**Required work**
Nothing is needed except the lines below that run from the one with "Conversely, if \<open>v\<close>" through the one with "non-neighbours give a", repeated exactly.
=======
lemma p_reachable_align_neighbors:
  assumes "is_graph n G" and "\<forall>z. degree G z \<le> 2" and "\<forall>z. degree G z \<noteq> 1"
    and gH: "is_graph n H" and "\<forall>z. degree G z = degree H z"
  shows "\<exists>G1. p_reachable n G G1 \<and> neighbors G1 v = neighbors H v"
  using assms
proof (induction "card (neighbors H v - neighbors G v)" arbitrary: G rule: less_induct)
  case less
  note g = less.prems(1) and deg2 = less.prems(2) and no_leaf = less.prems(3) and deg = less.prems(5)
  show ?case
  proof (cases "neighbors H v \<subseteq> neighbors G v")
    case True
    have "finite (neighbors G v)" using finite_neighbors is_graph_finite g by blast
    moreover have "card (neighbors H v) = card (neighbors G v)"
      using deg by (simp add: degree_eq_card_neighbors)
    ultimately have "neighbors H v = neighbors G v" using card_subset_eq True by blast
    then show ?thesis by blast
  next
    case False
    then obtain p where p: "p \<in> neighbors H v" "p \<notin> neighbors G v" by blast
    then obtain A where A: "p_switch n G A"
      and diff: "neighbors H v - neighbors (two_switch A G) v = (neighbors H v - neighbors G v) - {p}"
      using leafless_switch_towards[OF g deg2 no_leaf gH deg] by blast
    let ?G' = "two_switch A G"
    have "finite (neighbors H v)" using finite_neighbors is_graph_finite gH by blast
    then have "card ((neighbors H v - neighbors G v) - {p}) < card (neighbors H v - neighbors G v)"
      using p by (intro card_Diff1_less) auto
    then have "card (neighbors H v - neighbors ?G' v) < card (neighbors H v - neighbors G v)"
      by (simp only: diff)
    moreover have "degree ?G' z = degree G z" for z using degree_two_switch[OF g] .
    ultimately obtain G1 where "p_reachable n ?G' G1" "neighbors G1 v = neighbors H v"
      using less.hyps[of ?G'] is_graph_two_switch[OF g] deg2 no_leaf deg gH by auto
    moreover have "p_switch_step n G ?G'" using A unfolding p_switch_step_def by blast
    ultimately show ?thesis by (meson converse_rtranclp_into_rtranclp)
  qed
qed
=======
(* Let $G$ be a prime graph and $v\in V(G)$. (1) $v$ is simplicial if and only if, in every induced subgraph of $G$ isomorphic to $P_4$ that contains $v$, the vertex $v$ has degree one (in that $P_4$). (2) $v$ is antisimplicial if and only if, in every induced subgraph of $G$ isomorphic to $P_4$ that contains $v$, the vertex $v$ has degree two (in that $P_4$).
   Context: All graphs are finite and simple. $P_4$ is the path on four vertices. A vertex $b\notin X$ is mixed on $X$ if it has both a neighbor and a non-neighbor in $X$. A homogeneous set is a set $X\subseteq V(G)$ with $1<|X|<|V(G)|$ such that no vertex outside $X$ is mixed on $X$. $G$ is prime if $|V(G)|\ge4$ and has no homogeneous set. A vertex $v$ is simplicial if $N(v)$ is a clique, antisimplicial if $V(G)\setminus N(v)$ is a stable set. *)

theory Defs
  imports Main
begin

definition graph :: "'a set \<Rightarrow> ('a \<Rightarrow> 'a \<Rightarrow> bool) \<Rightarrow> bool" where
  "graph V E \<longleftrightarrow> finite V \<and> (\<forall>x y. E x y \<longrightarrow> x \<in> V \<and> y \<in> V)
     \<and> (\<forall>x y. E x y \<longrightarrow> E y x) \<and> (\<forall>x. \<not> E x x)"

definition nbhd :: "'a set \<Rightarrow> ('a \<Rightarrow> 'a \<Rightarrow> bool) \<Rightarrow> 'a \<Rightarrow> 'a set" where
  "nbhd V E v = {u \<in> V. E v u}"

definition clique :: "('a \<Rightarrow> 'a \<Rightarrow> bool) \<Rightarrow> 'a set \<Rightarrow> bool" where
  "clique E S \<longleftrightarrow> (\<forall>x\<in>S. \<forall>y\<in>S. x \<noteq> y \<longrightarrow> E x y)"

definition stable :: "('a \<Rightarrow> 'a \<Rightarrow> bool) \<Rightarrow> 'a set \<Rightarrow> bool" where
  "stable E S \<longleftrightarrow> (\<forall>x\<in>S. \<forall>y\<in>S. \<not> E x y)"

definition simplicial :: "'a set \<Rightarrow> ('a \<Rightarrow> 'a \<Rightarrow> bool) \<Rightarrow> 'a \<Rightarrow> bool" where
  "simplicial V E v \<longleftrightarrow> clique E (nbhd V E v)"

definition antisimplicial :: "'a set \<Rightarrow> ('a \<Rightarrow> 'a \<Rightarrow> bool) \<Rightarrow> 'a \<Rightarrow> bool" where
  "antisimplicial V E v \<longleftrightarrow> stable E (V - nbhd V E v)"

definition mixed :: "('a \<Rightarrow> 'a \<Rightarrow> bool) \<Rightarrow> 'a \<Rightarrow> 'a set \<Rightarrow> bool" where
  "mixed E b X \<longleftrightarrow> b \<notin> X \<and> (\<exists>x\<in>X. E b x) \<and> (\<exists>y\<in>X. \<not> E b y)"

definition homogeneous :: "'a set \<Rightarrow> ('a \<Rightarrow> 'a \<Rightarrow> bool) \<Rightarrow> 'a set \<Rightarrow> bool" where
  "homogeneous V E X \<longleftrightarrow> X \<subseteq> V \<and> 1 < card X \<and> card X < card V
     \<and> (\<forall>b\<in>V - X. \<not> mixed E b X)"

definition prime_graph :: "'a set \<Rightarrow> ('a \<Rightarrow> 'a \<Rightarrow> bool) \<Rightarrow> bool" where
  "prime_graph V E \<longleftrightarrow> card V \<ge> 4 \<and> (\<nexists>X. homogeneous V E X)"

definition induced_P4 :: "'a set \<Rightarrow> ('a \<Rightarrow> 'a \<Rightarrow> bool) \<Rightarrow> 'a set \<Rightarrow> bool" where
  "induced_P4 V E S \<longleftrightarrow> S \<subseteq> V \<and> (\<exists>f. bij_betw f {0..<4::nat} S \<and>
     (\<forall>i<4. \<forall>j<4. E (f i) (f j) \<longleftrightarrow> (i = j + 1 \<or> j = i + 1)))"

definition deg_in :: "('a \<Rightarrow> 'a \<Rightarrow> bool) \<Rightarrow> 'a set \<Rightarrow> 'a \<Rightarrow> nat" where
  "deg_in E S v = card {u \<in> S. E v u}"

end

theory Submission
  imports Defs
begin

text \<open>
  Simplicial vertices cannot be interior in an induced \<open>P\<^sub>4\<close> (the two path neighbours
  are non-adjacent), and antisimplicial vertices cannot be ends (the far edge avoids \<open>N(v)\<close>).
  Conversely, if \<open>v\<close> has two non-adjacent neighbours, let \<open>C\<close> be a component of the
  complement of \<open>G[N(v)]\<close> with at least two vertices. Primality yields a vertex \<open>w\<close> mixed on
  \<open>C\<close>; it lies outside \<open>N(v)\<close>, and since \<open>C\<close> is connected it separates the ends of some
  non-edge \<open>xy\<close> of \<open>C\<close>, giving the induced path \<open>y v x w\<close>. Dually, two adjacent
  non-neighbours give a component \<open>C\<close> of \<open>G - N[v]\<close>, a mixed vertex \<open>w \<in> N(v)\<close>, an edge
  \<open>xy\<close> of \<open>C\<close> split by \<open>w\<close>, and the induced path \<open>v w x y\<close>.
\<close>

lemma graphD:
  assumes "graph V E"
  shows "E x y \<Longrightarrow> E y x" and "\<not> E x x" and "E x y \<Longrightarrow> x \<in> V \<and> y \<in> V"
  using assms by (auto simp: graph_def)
=======
**Problem solution**
  Conversely, if \<open>v\<close> has two non-adjacent neighbours, let \<open>C\<close> be a component of the
  complement of \<open>G[N(v)]\<close> with at least two vertices. Primality yields a vertex \<open>w\<close> mixed on
  \<open>C\<close>; it lies outside \<open>N(v)\<close>, and since \<open>C\<close> is connected it separates the ends of some
  non-edge \<open>xy\<close> of \<open>C\<close>, giving the induced path \<open>y v x w\<close>. Dually, two adjacent
  non-neighbours give a component \<open>C\<close> of \<open>G - N[v]\<close>, a mixed vertex \<open>w \<in> N(v)\<close>, an edge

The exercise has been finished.